INK RUNS DEEP
Beneath the yellow-washed iron arches of Blackreach’s railway streets, a new generation is sharpening their craft—not with steel, but with ink.
They are the apprentices.
Barely out of trade-school age but already fluent in pigment and pain, these young inksmiths are earning their stripes one shaky line at a time. And in Blackreach, the margin for error is razor-thin. Here, tattoos are currency. Reputation is stitched into skin. Every line drawn is a line you live or die by.
"You don’t just learn the craft—you survive it."
—Rheez, senior inksmith and former apprentice, now mentor at The Needleworks Forge
✹ Where Steel Meets Skin
Apprenticeships in Blackreach aren’t handed out. They're won.
Each apprentice must first be vouched for by a working inksmith—usually a blood relative, close contact, or someone they’ve impressed through boldness, skill, or sheer audacity. Once accepted, they begin the slow grind: scrubbing floors, fixing needles, restocking pigments, and eventually, earning their right to put ink to flesh.
No digital stencils. No auto-guides. Just steady hands, calibrated machines, and nerves of copper.
✹ The Rite of the First Mark
Every apprentice in Blackreach undergoes the First Marking. It's tradition. You can’t ink someone else until you’ve tattooed yourself.

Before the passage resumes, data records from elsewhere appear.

(* For every $\alpha\ge0$ and $\beta\ge1$, the Sharma-Mittal entropy $S_{\alpha,\beta}$ is subadditive on the majorization lattice: for all $\mathbf{p},\mathbf{q}\in\mathcal{P}_n$, $$S_{\alpha,\beta}(\mathbf{p}\wedge\mathbf{q})\le S_{\alpha,\beta}(\mathbf{p})+S_{\alpha,\beta}(\mathbf{q}).$$
   Context: $\mathcal{P}_n=\{\mathbf{p}=(p_1,\dots,p_n): p_i\ge0,\ \sum_i p_i=1\}$, with all vectors taken with components in non-increasing order. Majorization: $\mathbf{p}\preceq\mathbf{q}$ iff $\sum_{i=1}^k p_i\le\sum_{i=1}^k q_i$ for all $k$. The greatest lower bound in the lattice $(\mathcal{P}_n,\preceq)$ is $\mathbf{p}\wedge\mathbf{q}=\mathbf{r}$ with $\sum_{i=1}^k r_i=\min\{\sum_{i=1}^k p_i,\sum_{i=1}^k q_i\}$ for $k=1,\dots,n$. The Sharma-Mittal entropy is $S_{\alpha,\beta}(\mathbf{p})=\frac{1}{1-\beta}\left[\left(\sum_{i=1}^n p_i^\alpha\right)^{\frac{1-\beta}{1-\alpha}}-1\right]$, with values at $\alpha=1$ and/or $\beta=1$ defined by the corresponding limits. *)

theory Defs
  imports Complex_Main
begin

definition prob_vec :: "nat \<Rightarrow> (nat \<Rightarrow> real) \<Rightarrow> bool" where
  "prob_vec n p \<longleftrightarrow> (\<forall>i<n. 0 \<le> p i) \<and> (\<Sum>i<n. p i) = 1 \<and>
     (\<forall>i j. i \<le> j \<longrightarrow> j < n \<longrightarrow> p j \<le> p i)"

text \<open>Meet in the majorization lattice: the partial sums of the meet are the
  minima of the partial sums.\<close>
definition maj_meet :: "(nat \<Rightarrow> real) \<Rightarrow> (nat \<Rightarrow> real) \<Rightarrow> nat \<Rightarrow> real" where
  "maj_meet p q i =
     min (\<Sum>j<Suc i. p j) (\<Sum>j<Suc i. q j) - min (\<Sum>j<i. p j) (\<Sum>j<i. q j)"

text \<open>Shannon entropy (natural log; 0 ln 0 = 0 since ln 0 = 0 in Isabelle).\<close>
definition shannon :: "nat \<Rightarrow> (nat \<Rightarrow> real) \<Rightarrow> real" where
  "shannon n p = - (\<Sum>i<n. p i * ln (p i))"

text \<open>Sharma-Mittal entropy, with the limiting cases alpha = 1 and/or beta = 1.
  Powers are taken with powr, so 0 powr a = 0 (zero components contribute nothing,
  also for alpha = 0).\<close>
definition sharma_mittal :: "real \<Rightarrow> real \<Rightarrow> nat \<Rightarrow> (nat \<Rightarrow> real) \<Rightarrow> real" where
  "sharma_mittal \<alpha> \<beta> n p =
     (if \<alpha> \<noteq> 1 \<and> \<beta> \<noteq> 1 then
        (1 / (1 - \<beta>)) * ((\<Sum>i<n. p i powr \<alpha>) powr ((1 - \<beta>) / (1 - \<alpha>)) - 1)
      else if \<alpha> = 1 \<and> \<beta> \<noteq> 1 then
        (1 / (1 - \<beta>)) * (exp ((1 - \<beta>) * shannon n p) - 1)
      else if \<alpha> \<noteq> 1 \<and> \<beta> = 1 then
        (1 / (1 - \<alpha>)) * ln (\<Sum>i<n. p i powr \<alpha>)
      else shannon n p)"

end

theory Submission
  imports Defs "HOL-Analysis.Convex"
begin

text \<open>The product distribution \<open>p \<otimes> q = (p\<^sub>i q\<^sub>j)\<close> on \<open>n\<^sup>2\<close> cells is majorized by
  \<open>p \<and> q\<close>: any \<open>k\<close> cells lie in at most \<open>k\<close> rows and at most \<open>k\<close> columns, so their total
  mass is at most the minimum of the \<open>k\<close>-th partial sums of \<open>p\<close> and \<open>q\<close>, which is the
  \<open>k\<close>-th partial sum of \<open>p \<and> q\<close>. By Karamata's inequality every concave \<open>\<phi>\<close> with
  \<open>\<phi> 0 = 0\<close> then satisfies \<open>\<Sum>\<^sub>k \<phi> ((p \<and> q)\<^sub>k) \<le> \<Sum>\<^sub>i\<^sub>j \<phi> (p\<^sub>i q\<^sub>j)\<close>. For
  \<open>\<phi> y = -y ln y\<close> and \<open>\<phi> y = \<plusminus>y\<^sup>\<alpha>\<close> this says that the Renyi entropy \<open>R\<^sub>\<alpha>\<close> of \<open>p \<and> q\<close>
  is at most that of \<open>p \<otimes> q\<close>, namely \<open>R\<^sub>\<alpha> p + R\<^sub>\<alpha> q\<close>. Finally
  \<open>S\<^sub>\<alpha>\<^sub>,\<^sub>\<beta> = g\<^sub>\<beta> \<circ> R\<^sub>\<alpha>\<close> with \<open>g\<^sub>\<beta> x = (exp ((1 - \<beta>) x) - 1) / (1 - \<beta>)\<close>, which for \<open>\<beta> \<ge> 1\<close> is
  nondecreasing and subadditive on \<open>[0, \<infinity>)\<close>, where the Renyi entropies lie.\<close>

lemma concave_on_nonneg_if_star_shaped:
  fixes f :: "real \<Rightarrow> real"
  assumes "concave_on {0<..} f" "f 0 = 0"
    and "\<And>x u. 0 < x \<Longrightarrow> 0 \<le> u \<Longrightarrow> u \<le> 1 \<Longrightarrow> u * f x \<le> f (u * x)"
  shows "concave_on {0..} f"
proof (rule concave_on_linorderI)
  fix t x y :: real
  assume t: "0 < t" "t < 1" and xy: "x \<in> {0..}" "y \<in> {0..}" "x < y"
  show "(1 - t) * f x + t * f y \<le> f ((1 - t) *\<^sub>R x + t *\<^sub>R y)"
  proof (cases "x = 0")
    case True
    have "t * f y \<le> f (t * y)" using t xy True by (intro assms(3)) auto
    then show ?thesis using assms(2) True by simp
  next
    case False
    then show ?thesis using concave_onD[OF assms(1), of t x y] t xy by simp
  qed
qed simp

lemma concave_on_powr:
  assumes "0 \<le> a" "a \<le> 1"
  shows "concave_on {0..} (\<lambda>y::real. y powr a)"
proof (rule concave_on_nonneg_if_star_shaped)
  show "concave_on {0<..} (\<lambda>y::real. y powr a)"
  proof (rule f''_le0_imp_concave[where f' = "\<lambda>x. a * x powr (a - 1)"
        and f'' = "\<lambda>x. a * ((a - 1) * x powr (a - 1 - 1))"])
    fix x :: real assume "x \<in> {0<..}"
    then show "DERIV (\<lambda>y. y powr a) x :> a * x powr (a - 1)"
      by (intro has_real_derivative_powr) simp
    show "DERIV (\<lambda>x. a * x powr (a - 1)) x :> a * ((a - 1) * x powr (a - 1 - 1))"
      using \<open>x \<in> {0<..}\<close> by (intro DERIV_cmult has_real_derivative_powr) simp
    show "a * ((a - 1) * x powr (a - 1 - 1)) \<le> 0"
      using assms by (simp add: mult_nonneg_nonpos mult_nonpos_nonneg)
  qed simp
  fix x u :: real assume "0 < x" "0 \<le> u" "u \<le> 1"
  have "u \<le> u powr a"
    using powr_mono'[of a 1 u] \<open>0 \<le> u\<close> \<open>u \<le> 1\<close> assms by (cases "u = 0") auto
  then have "u * x powr a \<le> u powr a * x powr a"
    by (rule mult_right_mono) simp
  then show "u * x powr a \<le> (u * x) powr a"
    by (simp add: powr_mult)
qed simp

lemma concave_on_neg_powr:
  assumes "1 \<le> a"
  shows "concave_on {0..} (\<lambda>y::real. - (y powr a))"
proof (rule concave_on_nonneg_if_star_shaped)
  show "concave_on {0<..} (\<lambda>y::real. - (y powr a))"
    using powr_convex[OF assms] by (simp add: concave_on_def)
  fix x u :: real assume "0 < x" "0 \<le> u" "u \<le> 1"
  have "u powr a \<le> u"
    using powr_le_one_le[of u a] \<open>0 \<le> u\<close> \<open>u \<le> 1\<close> assms by (cases "u = 0") auto
  then have "u powr a * x powr a \<le> u * x powr a"
    by (rule mult_right_mono) simp
  then show "u * - (x powr a) \<le> - ((u * x) powr a)"
    by (simp add: powr_mult)
qed simp

lemma concave_on_neg_mult_ln:
  "concave_on {0..} (\<lambda>y::real. - (y * ln y))"
proof (rule concave_on_nonneg_if_star_shaped)
  show "concave_on {0<..} (\<lambda>y::real. - (y * ln y))"
    by (rule f''_le0_imp_concave[where f' = "\<lambda>x. - (ln x + 1)" and f'' = "\<lambda>x. - (1 / x)"])
      (auto intro!: derivative_eq_intros)
  fix x u :: real assume "0 < x" "0 \<le> u" "u \<le> 1"
  then have "u * x * ln u \<le> 0"
    by (cases "u = 0") (auto intro: mult_nonneg_nonpos)
  then show "u * - (x * ln x) \<le> - (u * x * ln (u * x))"
    using \<open>0 < x\<close> by (simp add: ln_mult algebra_simps)
qed simp

lemma secant_le_concave:
  fixes \<phi> :: "real \<Rightarrow> real"
  assumes "concave_on {0..} \<phi>" "\<phi> 0 = 0" "0 \<le> y" "y \<le> t" "0 < t"
  shows "y / t * \<phi> t \<le> \<phi> y"
  using concave_onD[OF assms(1), of "y / t" 0 t] assms by simp

lemma concave_le_secant:
  fixes \<phi> :: "real \<Rightarrow> real"
  assumes "concave_on {0..} \<phi>" "\<phi> 0 = 0" "0 < t" "t \<le> z"
  shows "\<phi> z \<le> z / t * \<phi> t"
proof -
  have "t / z * \<phi> z \<le> \<phi> t"
    using secant_le_concave[OF assms(1,2), of t z] assms by simp
  then show ?thesis
    using assms by (simp add: field_simps)
qed

definition secant_shift :: "(real \<Rightarrow> real) \<Rightarrow> real \<Rightarrow> real \<Rightarrow> real" where
  "secant_shift \<phi> t u = \<phi> (u + t) - \<phi> t / t * (u + t)"

lemma secant_shift_zero: "t \<noteq> 0 \<Longrightarrow> secant_shift \<phi> t 0 = 0"
  by (simp add: secant_shift_def)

It's not ceremonial—it’s brutal. Most do it alone, after hours, using scavenged coils and worn gloves. The design doesn’t matter. What matters is that it's yours—and that it hurts.
"If you can't mark your own skin, you’ve got no business marking someone else’s."
—From the Blackreach Inksmith Codex, Rule #2
✹ Ink Families & Rust Bonds
Many shops operate like mini-families, adopting their apprentices into tight, loyal circles. They're bonded not just by ink but by survival. The power may be in the hands of the Syndicate, but the respect of the streets is often carved from the hands of Blackreach’s inksmiths.
Some apprentices never make it. Some crack under pressure. But those who do make it—those who grind until the lines are clean and the machines obey their rhythm—emerge with not just skill, but status.
✹ Apprentices to Watch
Jaxen Vale – Known for his ultra-fine linework using salvaged watch springs. Said to have tattooed a full biomech forearm in under an hour—with no blood drawn.
Meela Ashforge – Her freehand designs look like machinework. Her precision earned her a slot with Guildmaster Thorn in less than one cycle.
Draz – Quiet. Works in silence. Specializes in backpieces that take weeks. Rumor says his ink carries hidden tech.
✹ Respect the Apprentices
So next time you pass through Blackreach and spot a young ink-runner hunched over a wrist, focused, sweating, unaware of the chaos around them—don’t mock their tremble. That’s the future.
They’re not just learning a trade.
They’re mastering an art that defines identity, power, and legacy on Kovari Island.
And in Blackreach, legacy is everything.